According to the author Jonathan Neale, who remarkably is 54-years-old the SWP’s vision of a new world involves weekly meetings in football stadiums in every city to “make decisions about what to do with the economy”.
Each workplace would also have weekly mass meetings: “In our new world we could make decisions based on what we need, not on profit. There would be endless debates in those meetings”.
How can we not be tempted by the prospect of endless debates?
Anyone who has ever sat in a meeting listening to speeches being heckled by SWP members or even worse had to actually listen to speeches by SWP members has asked themselves when it is going to end?
Now we know why – they are working towards their goal.
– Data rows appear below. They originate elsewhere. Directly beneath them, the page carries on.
(* Let $p$ be an odd prime and $r\ge1$ odd. (i) If $p\equiv -1\pmod 8$, then $K=\begin{pmatrix}\frac{4}{p^r}&1\\1&\frac{p^r+1}{4}\end{pmatrix}^{-1}$ is an even integral positive-definite matrix whose lattice has discriminant form isometric to $A_{p^r}$ (and signature $2$). (ii) If $p\equiv -3\pmod 8$, then $K=\begin{pmatrix}\frac4{p^r}&1&0&0\\1&\frac{p^r+3}{4}&1&0\\0&1&2&1\\0&0&1&2\end{pmatrix}^{-1}$ is an even integral positive-definite matrix whose lattice has discriminant form isometric to $A_{p^r}$ (signature $4$). (iii) If $p\equiv 3\pmod 8$, then $K=\begin{pmatrix}\frac{2}{p^r}&1\\1&\frac{p^r+1}{2}\end{pmatrix}^{-1}$ is an even integral positive-definite matrix whose lattice has discriminant form isometric to $B_{p^r}$ (signature $2$). (iv) For every even $r\ge 2$, $K=\begin{pmatrix}\frac{3}{2^r}&1&0\\1&\frac{2^r+2}{3}&1\\0&1&2\end{pmatrix}^{-1}$ is an even integral positive-definite matrix whose lattice has discriminant form isometric to $D_{2^r}$ (signature $3$).
   Context: For an even positive-definite integral symmetric $n\times n$ matrix $K$, the lattice $L=\mathbb{Z}^n$ with form $x^TKy$ has discriminant group $L^*/L\cong\mathbb{Z}^n/K\mathbb{Z}^n$ and discriminant form $q_L(x+L)=\tfrac12 x^TKx\in\mathbb{Q}/\mathbb{Z}$ for $x\in L^*=K^{-1}\mathbb{Z}^n$ (in coordinates, $q_L$ of the class of $K^{-1}e_i$ is $\tfrac12(K^{-1})_{ii}$). Metric groups: $A_{p^r}=(\mathbb{Z}/p^r, mx^2/p^r)$ with $\gcd(m,p)=1$, $\left(\frac{2m}{p}\right)=1$; $B_{p^r}=(\mathbb{Z}/p^r, nx^2/p^r)$ with $\gcd(n,p)=1$, $\left(\frac{2n}{p}\right)=-1$; $D_{2^r}=(\mathbb{Z}/2^r,-5x^2/2^{r+1})$. *)

theory Defs
  imports "HOL-Analysis.Analysis" "HOL-Number_Theory.Number_Theory"
begin

text \<open>Lattice L = Z^n with Gram matrix K (an n x n real matrix, n given by the index type).\<close>

definition int_vec :: "real^'n \<Rightarrow> bool" where
  "int_vec x \<longleftrightarrow> (\<forall>i. x $ i \<in> \<int>)"

definition even_integral_sym :: "real^'n^'n \<Rightarrow> bool" where
  "even_integral_sym K \<longleftrightarrow> transpose K = K \<and> (\<forall>i j. K $ i $ j \<in> \<int>) \<and> (\<forall>i. K $ i $ i / 2 \<in> \<int>)"

definition pos_def :: "real^'n^'n \<Rightarrow> bool" where
  "pos_def K \<longleftrightarrow> (\<forall>x. x \<noteq> 0 \<longrightarrow> x \<bullet> (K *v x) > 0)"

definition dual_lattice :: "real^'n^'n \<Rightarrow> (real^'n) set" where
  "dual_lattice K = {x. int_vec (K *v x)}"

text \<open>Discriminant quadratic form q_L(x + L) = x^T K x / 2 (taken mod 1).\<close>
definition disc_q :: "real^'n^'n \<Rightarrow> real^'n \<Rightarrow> real" where
  "disc_q K x = (x \<bullet> (K *v x)) / 2"

text \<open>The discriminant form of K is isometric to the cyclic metric group (Z/N, c x^2 mod 1):
  there is a map phi from Z to L^* (representatives) inducing a group isomorphism
  Z/N -> L^*/L that carries c x^2 mod 1 to q_L.\<close>
definition disc_iso_cyclic :: "real^'n^'n \<Rightarrow> int \<Rightarrow> real \<Rightarrow> bool" where
  "disc_iso_cyclic K N c \<longleftrightarrow>
     (\<exists>\<phi> :: int \<Rightarrow> real^'n.
        (\<forall>k. \<phi> k \<in> dual_lattice K) \<and>
        (\<forall>k l. int_vec (\<phi> (k + l) - \<phi> k - \<phi> l)) \<and>
        (\<forall>k l. int_vec (\<phi> k - \<phi> l) \<longleftrightarrow> [k = l] (mod N)) \<and>
        (\<forall>x \<in> dual_lattice K. \<exists>k. int_vec (x - \<phi> k)) \<and>
        (\<forall>k. disc_q K (\<phi> k) - c * (of_int k)^2 \<in> \<int>))"

definition iso_A :: "real^'n^'n \<Rightarrow> nat \<Rightarrow> nat \<Rightarrow> bool" where
  "iso_A K p r \<longleftrightarrow> (\<exists>m::int. coprime m (int p) \<and> Legendre (2*m) (int p) = 1 \<and>
      disc_iso_cyclic K (int p ^ r) (of_int m / real p ^ r))"

definition iso_B :: "real^'n^'n \<Rightarrow> nat \<Rightarrow> nat \<Rightarrow> bool" where
  "iso_B K p r \<longleftrightarrow> (\<exists>n::int. coprime n (int p) \<and> Legendre (2*n) (int p) = -1 \<and>
      disc_iso_cyclic K (int p ^ r) (of_int n / real p ^ r))"
lemma scalar_interval_arith_mean_contract:
  fixes X Y Z :: "'a::{real_inner,complete_space} \<Rightarrow>\<^sub>L 'a"
  assumes "0 < c" "c \<le> d" "d \<le> a * c"
    and "X \<in> scalar_interval c d" "Y \<in> scalar_interval c d" "Z \<in> scalar_interval c d"
  shows "thompson (arith_mean X Z) (arith_mean Y Z) \<le> (1 - 1 / ((a + 1) * a)) * thompson X Y"
proof -
  obtain l where l: "1 \<le> l" "ln l \<le> (1 - 1 / ((a + 1) * a)) * thompson X Y"
    "mutually_bounded l (X + Z) (Y + Z)"
    using scalar_interval_sum_contract[OF assms]
      scalar_interval_thompson_le(1,2)[OF assms(1,2,4,5) order_refl] by blast
  then show ?thesis using thompson_arith_mean_le[OF l(1,3)] by linarith
qed

lemma scalar_interval_harm_mean_contract:
  fixes X Y Z :: "'a::{real_inner,complete_space} \<Rightarrow>\<^sub>L 'a"
  assumes "0 < c" "c \<le> d" "d \<le> a * c"
    and "X \<in> scalar_interval c d" "Y \<in> scalar_interval c d" "Z \<in> scalar_interval c d"
  shows "thompson (harm_mean X Z) (harm_mean Y Z) \<le> (1 - 1 / ((a + 1) * a)) * thompson X Y"
proof -
  have inv: "0 < 1 / d" "1 / d \<le> 1 / c" "1 / c \<le> a * (1 / d)"
    using assms(1-3) by (simp_all add: field_simps)
  obtain l where l: "1 \<le> l" "ln l \<le> (1 - 1 / ((a + 1) * a)) * thompson X Y"
    "mutually_bounded l (op_inv X + op_inv Z) (op_inv Y + op_inv Z)"
    using scalar_interval_sum_contract[OF inv scalar_interval_op_inv[OF assms(1,2)]
        scalar_interval_op_inv[OF assms(1,2)] scalar_interval_op_inv[OF assms(1,2)]]
      scalar_interval_thompson_le(1,3)[OF assms(1,2,4,5) order_refl] assms(4-6) by blast
  moreover have "pos_def_op X" "pos_def_op Y" "pos_def_op Z"
    using assms scalar_interval_pos_def by blast+
  ultimately show ?thesis using thompson_harm_mean_le[of X Z Y Z l] by linarith
qed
All those hours flogging papers in front of shopping centres, all that time spent transforming the normal mode of speech of the Seven Oaks middle class into a mockney accent is in the service of achieving a society where there will be endless debate!
The great thing about a world of non-ending discussion is that there will be no time of course to actually do any work.
Reading Neale’s, ahem, ‘critique’ of capitalism it becomes pretty clear that what he dislikes about it is not so much inequality, environmental damage or the explotation of the developing world but the fact that he has to work.
“We spend the majority of our lives getting ready for work, going there, working, coming home, and then slumping to recover ourselves,” says Jonathan who appears not to enjoy a great working relationship with the collegues he will have endless discussions with in the glorious SWP new world.
“From the moment you clock on to the moment you leave, you do what you’re told. “If you don’t like it, Jonathan,” they say, “you can go.”
But what makes the SWP future even more irresistable is the fact that it will help Jonathan to quit smoking and lose weight.
“We have all grown up under capitalism. We carry the scars of much suffering, of grief, of being made to feel small. I smoke. I’m overweight,” he says.
So there it is – the road to the new Jerusalem – Neither Marlboro Lights nor Hamburgers But Endless Debate!